:: WHAT YOU NEED TO DO ::
Count how many lines of the data include "forms". The answer is that number and nothing else.

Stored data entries
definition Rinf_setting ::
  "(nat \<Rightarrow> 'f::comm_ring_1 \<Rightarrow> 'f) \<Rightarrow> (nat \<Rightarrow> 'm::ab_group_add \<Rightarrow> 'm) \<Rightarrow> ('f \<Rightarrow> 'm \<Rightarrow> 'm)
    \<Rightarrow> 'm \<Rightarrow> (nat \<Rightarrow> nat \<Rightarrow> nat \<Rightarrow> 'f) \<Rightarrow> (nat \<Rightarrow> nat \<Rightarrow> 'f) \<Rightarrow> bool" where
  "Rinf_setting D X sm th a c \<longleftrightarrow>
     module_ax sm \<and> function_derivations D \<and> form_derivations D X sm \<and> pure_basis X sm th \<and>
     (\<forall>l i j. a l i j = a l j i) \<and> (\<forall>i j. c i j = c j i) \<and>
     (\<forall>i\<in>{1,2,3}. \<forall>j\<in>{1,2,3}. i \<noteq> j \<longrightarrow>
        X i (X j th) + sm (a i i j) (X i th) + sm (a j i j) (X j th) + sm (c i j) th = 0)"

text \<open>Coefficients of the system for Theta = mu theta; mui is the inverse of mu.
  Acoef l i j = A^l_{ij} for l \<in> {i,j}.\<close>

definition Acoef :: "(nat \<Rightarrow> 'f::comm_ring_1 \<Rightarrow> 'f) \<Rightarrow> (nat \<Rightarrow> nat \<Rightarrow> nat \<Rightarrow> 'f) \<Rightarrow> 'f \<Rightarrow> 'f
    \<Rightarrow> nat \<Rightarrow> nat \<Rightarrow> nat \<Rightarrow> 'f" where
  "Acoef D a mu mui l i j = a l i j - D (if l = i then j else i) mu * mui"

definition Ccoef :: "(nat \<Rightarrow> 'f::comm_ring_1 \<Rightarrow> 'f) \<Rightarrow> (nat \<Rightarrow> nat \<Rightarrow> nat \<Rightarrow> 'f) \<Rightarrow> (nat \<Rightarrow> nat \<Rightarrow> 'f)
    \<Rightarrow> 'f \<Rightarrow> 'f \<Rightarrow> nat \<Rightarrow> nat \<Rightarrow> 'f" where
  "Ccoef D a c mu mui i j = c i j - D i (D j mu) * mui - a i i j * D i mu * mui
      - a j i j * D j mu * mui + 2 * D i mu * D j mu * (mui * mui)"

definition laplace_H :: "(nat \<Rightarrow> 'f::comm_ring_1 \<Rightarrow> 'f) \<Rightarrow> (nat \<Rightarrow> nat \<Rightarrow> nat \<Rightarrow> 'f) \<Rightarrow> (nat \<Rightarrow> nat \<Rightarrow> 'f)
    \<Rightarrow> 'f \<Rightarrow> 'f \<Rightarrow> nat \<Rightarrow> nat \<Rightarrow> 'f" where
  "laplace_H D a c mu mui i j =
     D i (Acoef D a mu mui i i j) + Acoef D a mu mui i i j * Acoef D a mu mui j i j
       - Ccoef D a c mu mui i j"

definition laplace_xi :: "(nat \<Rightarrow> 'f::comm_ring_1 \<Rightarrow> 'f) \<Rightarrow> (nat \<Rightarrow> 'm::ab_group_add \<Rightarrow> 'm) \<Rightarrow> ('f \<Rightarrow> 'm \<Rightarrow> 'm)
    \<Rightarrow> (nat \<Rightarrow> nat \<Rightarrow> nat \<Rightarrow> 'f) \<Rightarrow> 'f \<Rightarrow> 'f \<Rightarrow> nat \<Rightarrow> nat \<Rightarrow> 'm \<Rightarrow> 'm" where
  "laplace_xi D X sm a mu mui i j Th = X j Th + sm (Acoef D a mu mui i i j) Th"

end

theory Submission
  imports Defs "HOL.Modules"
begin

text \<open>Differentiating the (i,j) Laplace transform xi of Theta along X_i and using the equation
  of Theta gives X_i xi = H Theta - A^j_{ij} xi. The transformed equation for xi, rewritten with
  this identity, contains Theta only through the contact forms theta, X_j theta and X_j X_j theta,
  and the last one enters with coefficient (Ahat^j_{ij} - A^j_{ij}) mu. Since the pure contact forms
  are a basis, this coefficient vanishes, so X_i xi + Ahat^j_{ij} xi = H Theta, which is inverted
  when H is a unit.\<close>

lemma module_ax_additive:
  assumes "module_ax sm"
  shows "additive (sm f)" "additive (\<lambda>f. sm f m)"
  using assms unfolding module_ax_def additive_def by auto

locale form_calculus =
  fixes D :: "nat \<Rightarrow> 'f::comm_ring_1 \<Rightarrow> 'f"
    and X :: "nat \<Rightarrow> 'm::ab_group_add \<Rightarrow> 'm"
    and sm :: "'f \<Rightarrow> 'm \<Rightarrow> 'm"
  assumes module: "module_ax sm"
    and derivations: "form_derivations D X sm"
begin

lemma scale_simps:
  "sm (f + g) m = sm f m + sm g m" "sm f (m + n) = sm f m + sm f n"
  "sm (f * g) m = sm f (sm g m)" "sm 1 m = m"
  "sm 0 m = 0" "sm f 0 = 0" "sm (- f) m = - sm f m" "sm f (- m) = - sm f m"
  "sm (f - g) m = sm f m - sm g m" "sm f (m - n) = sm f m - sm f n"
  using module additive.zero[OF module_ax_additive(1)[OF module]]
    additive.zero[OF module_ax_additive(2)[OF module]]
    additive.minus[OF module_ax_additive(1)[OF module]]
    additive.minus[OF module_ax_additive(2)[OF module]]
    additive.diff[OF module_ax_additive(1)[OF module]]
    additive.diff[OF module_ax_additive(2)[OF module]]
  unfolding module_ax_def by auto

:: EXERCISE ANSWER ::
2